#### [WHAT THE TASK REQUIRES]
Give again, word for word, every line in the entries below from the line with "uniformly bounded when" up to and including the line with "that the upper", and no other line.

-- GIVEN INFORMATION follows --

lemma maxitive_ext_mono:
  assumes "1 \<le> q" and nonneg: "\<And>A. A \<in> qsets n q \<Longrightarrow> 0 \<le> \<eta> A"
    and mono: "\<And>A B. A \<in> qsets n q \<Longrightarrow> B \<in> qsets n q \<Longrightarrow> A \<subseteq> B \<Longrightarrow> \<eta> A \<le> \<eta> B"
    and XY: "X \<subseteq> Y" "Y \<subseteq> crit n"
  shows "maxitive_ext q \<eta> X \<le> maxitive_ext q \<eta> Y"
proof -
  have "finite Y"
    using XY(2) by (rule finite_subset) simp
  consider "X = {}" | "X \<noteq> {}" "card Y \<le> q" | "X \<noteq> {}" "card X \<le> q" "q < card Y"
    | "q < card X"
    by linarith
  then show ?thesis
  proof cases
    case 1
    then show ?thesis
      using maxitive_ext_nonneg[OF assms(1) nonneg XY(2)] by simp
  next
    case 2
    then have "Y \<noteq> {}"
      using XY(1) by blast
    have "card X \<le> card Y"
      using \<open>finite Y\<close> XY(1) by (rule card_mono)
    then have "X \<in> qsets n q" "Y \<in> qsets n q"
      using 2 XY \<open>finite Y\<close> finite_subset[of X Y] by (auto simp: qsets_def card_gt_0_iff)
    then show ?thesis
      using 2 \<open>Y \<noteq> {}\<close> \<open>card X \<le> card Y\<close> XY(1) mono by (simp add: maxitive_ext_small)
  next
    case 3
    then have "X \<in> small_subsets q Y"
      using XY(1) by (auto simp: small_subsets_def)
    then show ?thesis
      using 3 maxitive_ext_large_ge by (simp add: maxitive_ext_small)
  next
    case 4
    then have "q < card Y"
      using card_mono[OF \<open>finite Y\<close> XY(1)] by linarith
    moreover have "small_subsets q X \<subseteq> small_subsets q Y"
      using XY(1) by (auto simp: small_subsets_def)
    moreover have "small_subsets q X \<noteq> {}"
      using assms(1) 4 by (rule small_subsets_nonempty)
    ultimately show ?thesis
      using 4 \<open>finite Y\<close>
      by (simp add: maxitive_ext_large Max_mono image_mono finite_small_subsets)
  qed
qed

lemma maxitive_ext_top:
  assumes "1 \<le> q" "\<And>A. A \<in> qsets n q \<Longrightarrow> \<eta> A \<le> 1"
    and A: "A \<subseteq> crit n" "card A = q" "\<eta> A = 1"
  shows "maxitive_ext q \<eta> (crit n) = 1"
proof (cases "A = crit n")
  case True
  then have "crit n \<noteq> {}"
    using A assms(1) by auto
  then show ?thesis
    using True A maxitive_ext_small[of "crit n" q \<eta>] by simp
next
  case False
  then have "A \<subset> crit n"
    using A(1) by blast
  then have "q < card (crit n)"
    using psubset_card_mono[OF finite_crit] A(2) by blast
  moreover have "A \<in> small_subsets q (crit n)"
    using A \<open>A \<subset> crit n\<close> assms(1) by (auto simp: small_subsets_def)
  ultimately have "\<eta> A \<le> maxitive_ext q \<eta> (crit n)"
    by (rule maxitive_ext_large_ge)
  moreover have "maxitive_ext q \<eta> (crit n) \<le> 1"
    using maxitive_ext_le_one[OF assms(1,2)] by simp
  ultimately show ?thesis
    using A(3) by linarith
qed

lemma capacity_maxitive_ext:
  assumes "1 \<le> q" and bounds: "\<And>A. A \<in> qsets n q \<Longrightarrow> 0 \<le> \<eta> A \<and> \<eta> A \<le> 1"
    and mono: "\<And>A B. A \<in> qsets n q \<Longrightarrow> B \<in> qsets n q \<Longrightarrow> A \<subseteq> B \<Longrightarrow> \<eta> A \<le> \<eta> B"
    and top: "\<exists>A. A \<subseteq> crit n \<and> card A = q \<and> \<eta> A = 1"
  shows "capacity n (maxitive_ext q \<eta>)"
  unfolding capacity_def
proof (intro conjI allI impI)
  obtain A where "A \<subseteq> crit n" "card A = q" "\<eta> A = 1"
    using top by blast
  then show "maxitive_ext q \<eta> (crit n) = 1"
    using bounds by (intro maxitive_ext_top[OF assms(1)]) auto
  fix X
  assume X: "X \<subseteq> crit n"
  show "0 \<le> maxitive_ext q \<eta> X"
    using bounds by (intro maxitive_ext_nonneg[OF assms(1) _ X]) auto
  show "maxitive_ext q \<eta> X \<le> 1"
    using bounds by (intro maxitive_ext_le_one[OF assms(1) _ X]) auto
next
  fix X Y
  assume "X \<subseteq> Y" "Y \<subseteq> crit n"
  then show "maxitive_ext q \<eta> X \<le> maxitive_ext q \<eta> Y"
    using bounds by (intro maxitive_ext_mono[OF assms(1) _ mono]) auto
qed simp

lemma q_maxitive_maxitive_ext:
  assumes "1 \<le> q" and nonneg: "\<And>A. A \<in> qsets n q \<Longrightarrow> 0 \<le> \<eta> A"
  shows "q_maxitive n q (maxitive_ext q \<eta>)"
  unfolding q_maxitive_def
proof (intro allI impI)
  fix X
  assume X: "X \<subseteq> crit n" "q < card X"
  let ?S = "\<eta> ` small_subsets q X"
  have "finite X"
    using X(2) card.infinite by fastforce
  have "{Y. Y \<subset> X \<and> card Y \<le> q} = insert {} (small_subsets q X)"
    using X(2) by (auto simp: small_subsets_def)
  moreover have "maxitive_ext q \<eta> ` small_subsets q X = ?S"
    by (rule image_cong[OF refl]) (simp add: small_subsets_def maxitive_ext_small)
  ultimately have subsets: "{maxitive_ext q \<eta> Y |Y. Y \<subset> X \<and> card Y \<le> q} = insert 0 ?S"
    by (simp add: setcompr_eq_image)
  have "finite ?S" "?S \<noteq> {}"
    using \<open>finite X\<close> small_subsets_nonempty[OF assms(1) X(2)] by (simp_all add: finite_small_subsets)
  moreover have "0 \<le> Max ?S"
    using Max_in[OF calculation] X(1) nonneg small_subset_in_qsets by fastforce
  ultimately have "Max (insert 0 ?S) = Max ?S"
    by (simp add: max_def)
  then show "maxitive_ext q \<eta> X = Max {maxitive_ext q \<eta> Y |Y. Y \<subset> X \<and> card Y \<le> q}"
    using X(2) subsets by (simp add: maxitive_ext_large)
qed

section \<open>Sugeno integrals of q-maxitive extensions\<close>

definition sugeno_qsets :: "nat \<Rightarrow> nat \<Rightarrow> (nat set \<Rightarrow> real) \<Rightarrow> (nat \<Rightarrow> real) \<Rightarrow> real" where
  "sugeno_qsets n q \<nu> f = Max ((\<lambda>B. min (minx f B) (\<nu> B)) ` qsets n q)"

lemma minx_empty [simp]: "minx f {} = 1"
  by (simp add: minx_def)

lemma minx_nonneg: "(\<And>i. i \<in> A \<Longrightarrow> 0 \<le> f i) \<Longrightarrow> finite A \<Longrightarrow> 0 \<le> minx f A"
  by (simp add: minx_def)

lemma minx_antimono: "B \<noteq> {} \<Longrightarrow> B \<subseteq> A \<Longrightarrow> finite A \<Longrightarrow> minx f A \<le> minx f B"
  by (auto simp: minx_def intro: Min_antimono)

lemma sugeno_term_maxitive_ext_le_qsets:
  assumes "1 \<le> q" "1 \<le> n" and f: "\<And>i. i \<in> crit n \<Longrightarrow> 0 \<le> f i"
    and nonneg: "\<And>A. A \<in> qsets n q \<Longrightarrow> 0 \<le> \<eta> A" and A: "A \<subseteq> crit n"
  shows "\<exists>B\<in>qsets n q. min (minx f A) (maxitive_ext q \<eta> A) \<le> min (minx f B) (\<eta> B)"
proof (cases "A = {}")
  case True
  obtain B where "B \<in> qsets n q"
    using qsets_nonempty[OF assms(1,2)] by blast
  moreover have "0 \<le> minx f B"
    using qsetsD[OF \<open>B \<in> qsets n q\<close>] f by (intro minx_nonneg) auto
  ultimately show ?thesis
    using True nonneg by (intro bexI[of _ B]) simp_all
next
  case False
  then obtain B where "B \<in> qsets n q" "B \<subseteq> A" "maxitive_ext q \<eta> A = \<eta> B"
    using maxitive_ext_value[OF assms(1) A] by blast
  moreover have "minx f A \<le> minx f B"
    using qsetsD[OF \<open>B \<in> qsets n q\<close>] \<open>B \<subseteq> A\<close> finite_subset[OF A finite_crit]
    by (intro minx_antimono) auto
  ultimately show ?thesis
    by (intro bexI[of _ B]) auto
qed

-- GIVEN INFORMATION concluded --
-- GIVEN INFORMATION follows --

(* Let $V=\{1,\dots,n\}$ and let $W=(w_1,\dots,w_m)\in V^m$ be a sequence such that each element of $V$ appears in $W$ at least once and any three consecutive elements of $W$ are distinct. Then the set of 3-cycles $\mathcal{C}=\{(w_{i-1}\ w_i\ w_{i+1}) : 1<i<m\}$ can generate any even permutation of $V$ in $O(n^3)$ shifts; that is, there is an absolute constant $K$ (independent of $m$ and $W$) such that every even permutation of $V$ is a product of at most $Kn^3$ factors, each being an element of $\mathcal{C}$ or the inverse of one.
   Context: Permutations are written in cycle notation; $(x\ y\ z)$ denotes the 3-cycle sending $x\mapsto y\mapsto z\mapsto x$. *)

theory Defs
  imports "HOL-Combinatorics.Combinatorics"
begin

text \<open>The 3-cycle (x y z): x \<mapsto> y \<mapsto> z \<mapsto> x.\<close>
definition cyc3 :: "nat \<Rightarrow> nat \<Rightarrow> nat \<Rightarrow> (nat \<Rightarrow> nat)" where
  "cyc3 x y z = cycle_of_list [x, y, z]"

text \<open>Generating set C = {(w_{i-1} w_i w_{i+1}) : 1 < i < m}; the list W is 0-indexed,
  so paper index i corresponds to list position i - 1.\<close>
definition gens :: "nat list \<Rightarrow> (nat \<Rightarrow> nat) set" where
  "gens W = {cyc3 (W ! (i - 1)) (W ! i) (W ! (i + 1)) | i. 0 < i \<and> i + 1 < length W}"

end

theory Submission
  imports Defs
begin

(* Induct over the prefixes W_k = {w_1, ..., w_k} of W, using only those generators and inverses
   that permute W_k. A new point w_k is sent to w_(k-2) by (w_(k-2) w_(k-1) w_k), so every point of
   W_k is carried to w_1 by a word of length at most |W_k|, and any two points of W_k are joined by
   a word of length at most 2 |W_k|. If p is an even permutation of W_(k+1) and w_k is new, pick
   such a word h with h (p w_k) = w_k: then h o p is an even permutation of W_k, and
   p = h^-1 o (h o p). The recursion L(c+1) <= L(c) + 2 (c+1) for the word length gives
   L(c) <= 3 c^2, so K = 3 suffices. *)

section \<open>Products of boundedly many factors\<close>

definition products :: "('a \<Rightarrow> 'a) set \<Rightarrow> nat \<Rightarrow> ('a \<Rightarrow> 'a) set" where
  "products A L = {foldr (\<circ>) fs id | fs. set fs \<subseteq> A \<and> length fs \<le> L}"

-- GIVEN INFORMATION concluded --
-- GIVEN INFORMATION follows --

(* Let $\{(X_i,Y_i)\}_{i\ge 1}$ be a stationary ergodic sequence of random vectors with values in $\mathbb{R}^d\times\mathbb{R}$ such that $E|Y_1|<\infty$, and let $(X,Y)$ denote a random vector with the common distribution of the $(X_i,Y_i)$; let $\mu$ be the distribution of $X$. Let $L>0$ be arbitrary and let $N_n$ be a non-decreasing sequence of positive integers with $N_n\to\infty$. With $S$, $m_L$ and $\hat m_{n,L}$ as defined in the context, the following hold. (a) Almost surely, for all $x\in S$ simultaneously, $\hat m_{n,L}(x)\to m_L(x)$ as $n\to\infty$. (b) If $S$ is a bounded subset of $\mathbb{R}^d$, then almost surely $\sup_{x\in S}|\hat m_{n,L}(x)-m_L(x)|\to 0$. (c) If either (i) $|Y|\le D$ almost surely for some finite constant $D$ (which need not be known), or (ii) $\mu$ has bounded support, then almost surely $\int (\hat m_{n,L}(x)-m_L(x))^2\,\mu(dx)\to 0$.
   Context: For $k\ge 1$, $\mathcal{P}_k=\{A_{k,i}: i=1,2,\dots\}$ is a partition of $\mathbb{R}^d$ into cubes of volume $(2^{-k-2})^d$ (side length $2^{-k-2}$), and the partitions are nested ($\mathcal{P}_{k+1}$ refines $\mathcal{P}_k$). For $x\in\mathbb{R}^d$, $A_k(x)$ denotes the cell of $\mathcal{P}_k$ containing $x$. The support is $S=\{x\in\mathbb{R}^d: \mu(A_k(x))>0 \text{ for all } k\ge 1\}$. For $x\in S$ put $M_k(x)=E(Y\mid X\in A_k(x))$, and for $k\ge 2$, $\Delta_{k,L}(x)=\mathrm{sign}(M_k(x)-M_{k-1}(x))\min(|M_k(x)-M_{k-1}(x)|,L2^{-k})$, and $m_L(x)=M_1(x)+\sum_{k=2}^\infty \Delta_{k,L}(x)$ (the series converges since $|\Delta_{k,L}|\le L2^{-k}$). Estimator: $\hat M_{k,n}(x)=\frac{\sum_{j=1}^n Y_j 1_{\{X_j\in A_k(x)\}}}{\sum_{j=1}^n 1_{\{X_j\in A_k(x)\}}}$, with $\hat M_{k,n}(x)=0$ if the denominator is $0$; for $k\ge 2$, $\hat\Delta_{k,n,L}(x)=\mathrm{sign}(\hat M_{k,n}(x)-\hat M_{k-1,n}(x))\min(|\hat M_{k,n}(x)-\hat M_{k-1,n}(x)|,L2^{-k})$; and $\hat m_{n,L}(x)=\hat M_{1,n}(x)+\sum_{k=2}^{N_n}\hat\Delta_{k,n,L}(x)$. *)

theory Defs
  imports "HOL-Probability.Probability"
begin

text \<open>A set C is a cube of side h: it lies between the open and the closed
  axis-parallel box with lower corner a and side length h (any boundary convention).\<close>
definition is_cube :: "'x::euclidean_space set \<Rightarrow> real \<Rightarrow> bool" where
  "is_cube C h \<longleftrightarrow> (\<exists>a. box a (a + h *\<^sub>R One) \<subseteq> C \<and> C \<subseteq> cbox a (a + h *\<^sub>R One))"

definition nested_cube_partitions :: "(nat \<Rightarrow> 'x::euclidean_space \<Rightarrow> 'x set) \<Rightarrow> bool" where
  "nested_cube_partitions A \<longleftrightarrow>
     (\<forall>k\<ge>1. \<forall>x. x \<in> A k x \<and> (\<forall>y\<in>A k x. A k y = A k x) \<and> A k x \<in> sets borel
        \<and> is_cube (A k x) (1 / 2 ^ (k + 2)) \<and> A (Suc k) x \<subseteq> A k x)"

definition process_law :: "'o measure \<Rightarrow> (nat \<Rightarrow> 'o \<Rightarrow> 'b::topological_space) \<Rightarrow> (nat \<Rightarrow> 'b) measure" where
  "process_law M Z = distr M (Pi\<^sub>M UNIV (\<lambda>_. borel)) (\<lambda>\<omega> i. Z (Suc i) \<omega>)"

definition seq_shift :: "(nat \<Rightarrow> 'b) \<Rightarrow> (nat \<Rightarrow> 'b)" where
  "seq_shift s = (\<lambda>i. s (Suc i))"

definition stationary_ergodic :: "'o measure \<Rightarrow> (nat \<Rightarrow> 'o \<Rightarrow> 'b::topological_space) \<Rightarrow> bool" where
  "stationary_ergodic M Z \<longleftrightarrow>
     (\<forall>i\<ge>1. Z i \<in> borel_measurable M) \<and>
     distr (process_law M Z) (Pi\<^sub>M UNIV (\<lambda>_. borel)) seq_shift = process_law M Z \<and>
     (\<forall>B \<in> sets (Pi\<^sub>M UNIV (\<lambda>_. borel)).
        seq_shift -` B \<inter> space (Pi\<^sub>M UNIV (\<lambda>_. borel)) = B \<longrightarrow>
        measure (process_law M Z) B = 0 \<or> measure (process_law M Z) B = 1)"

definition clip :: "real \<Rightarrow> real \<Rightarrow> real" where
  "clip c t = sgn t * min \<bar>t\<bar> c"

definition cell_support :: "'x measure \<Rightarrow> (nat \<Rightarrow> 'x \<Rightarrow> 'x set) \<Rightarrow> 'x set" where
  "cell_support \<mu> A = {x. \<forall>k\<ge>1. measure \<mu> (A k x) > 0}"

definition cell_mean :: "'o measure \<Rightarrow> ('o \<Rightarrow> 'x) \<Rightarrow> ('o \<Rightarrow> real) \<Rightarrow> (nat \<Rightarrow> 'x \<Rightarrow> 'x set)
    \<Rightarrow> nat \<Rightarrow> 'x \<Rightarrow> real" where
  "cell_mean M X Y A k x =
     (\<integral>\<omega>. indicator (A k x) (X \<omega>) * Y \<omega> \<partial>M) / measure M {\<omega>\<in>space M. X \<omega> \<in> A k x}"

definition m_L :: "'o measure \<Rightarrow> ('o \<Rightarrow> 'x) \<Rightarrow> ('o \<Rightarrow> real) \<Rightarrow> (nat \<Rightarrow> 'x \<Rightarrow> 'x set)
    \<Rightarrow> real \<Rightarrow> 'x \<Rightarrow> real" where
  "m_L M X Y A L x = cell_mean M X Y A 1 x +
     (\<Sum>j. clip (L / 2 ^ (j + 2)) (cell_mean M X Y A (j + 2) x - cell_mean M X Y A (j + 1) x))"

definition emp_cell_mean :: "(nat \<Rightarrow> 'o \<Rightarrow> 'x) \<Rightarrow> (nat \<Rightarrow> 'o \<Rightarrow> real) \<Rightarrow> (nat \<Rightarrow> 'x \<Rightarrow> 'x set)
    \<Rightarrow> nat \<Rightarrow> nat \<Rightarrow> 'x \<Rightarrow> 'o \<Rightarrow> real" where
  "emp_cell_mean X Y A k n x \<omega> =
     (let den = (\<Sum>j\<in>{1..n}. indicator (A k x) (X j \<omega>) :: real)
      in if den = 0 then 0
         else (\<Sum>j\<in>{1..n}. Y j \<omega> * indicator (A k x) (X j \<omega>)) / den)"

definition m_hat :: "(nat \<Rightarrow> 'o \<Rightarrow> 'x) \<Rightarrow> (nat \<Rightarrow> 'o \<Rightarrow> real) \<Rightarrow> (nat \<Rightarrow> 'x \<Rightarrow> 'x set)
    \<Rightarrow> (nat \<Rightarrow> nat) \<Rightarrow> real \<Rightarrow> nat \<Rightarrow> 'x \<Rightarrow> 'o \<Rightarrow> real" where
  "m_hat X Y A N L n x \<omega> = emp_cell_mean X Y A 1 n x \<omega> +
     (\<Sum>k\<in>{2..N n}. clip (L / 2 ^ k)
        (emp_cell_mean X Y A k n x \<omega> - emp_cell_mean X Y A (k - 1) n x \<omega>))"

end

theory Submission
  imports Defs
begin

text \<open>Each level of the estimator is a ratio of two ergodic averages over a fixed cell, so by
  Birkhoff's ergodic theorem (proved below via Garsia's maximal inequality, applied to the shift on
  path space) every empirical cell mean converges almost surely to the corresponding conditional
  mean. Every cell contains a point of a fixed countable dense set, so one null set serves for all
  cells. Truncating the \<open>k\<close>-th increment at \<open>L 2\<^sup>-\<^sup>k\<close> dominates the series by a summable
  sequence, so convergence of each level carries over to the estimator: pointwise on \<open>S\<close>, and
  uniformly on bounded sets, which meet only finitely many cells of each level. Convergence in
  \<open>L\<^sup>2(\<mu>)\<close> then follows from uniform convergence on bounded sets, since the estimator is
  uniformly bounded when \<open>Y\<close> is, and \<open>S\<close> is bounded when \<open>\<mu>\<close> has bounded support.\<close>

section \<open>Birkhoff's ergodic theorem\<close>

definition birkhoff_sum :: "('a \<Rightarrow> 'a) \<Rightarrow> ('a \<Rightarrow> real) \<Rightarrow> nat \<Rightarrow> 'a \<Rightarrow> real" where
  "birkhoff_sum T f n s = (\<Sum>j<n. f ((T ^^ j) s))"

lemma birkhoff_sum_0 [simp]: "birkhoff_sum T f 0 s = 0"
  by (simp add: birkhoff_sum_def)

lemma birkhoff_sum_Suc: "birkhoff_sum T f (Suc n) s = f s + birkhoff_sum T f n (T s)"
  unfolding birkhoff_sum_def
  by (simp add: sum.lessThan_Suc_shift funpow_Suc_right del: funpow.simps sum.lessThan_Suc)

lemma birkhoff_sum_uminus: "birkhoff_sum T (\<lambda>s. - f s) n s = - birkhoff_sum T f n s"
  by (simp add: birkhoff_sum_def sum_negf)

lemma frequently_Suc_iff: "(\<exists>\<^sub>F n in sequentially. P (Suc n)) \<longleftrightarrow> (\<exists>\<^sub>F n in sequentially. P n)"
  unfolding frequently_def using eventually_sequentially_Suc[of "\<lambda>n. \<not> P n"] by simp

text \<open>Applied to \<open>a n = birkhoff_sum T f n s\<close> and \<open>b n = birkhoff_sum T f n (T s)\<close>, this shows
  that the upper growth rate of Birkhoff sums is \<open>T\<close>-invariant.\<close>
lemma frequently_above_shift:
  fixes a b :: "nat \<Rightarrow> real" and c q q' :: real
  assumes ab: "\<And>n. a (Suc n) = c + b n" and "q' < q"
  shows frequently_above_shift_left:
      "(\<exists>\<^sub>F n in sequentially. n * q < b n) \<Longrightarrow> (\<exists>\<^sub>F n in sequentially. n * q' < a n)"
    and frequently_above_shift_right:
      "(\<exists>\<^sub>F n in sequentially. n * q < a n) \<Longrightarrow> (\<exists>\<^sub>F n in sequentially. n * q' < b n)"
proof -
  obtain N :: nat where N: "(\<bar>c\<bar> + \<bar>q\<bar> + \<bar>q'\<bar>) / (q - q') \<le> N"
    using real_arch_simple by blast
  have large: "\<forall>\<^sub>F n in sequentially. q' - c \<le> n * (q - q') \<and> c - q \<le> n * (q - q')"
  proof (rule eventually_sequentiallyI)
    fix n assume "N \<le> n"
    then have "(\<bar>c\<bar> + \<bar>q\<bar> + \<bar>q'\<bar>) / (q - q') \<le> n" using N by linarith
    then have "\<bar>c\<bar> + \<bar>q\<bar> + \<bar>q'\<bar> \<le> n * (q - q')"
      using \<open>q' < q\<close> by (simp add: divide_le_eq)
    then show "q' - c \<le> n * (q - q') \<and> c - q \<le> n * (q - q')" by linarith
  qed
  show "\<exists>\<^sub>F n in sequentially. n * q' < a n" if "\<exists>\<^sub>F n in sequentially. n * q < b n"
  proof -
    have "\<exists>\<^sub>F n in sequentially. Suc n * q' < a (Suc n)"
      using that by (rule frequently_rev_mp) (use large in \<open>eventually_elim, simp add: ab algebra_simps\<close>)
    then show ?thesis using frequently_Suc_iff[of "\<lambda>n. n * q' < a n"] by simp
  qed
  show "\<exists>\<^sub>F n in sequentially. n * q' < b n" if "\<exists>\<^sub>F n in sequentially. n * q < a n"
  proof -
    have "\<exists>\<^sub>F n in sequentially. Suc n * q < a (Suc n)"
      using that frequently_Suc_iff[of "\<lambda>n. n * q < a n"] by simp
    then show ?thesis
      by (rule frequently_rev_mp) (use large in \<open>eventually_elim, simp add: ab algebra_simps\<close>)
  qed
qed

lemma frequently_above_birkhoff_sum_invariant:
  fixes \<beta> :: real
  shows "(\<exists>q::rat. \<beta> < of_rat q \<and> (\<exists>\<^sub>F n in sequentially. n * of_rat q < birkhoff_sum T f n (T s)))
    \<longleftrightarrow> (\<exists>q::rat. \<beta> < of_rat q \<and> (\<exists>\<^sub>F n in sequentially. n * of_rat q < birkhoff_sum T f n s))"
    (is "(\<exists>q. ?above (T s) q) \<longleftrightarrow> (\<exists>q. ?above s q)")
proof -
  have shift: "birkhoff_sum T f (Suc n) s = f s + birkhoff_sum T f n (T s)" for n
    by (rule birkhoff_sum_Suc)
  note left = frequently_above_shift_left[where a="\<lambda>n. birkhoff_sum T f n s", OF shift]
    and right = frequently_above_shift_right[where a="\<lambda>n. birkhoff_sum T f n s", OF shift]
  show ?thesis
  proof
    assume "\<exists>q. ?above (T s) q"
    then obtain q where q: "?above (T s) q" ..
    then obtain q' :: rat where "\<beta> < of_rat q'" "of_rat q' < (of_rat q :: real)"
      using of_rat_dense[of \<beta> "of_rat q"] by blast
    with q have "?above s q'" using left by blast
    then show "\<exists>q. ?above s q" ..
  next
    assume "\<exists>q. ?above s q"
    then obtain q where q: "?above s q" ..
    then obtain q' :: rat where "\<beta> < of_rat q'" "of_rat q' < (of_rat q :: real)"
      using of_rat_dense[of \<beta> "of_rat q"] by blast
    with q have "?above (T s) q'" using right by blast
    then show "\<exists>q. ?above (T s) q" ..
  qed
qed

-- GIVEN INFORMATION concluded --

#### [TASK RESULT]
  uniformly bounded when \<open>Y\<close> is, and \<open>S\<close> is bounded when \<open>\<mu>\<close> has bounded support.\<close>

section \<open>Birkhoff's ergodic theorem\<close>

definition birkhoff_sum :: "('a \<Rightarrow> 'a) \<Rightarrow> ('a \<Rightarrow> real) \<Rightarrow> nat \<Rightarrow> 'a \<Rightarrow> real" where
  "birkhoff_sum T f n s = (\<Sum>j<n. f ((T ^^ j) s))"

lemma birkhoff_sum_0 [simp]: "birkhoff_sum T f 0 s = 0"
  by (simp add: birkhoff_sum_def)

lemma birkhoff_sum_Suc: "birkhoff_sum T f (Suc n) s = f s + birkhoff_sum T f n (T s)"
  unfolding birkhoff_sum_def
  by (simp add: sum.lessThan_Suc_shift funpow_Suc_right del: funpow.simps sum.lessThan_Suc)

lemma birkhoff_sum_uminus: "birkhoff_sum T (\<lambda>s. - f s) n s = - birkhoff_sum T f n s"
  by (simp add: birkhoff_sum_def sum_negf)

lemma frequently_Suc_iff: "(\<exists>\<^sub>F n in sequentially. P (Suc n)) \<longleftrightarrow> (\<exists>\<^sub>F n in sequentially. P n)"
  unfolding frequently_def using eventually_sequentially_Suc[of "\<lambda>n. \<not> P n"] by simp

text \<open>Applied to \<open>a n = birkhoff_sum T f n s\<close> and \<open>b n = birkhoff_sum T f n (T s)\<close>, this shows
  that the upper growth rate of Birkhoff sums is \<open>T\<close>-invariant.\<close>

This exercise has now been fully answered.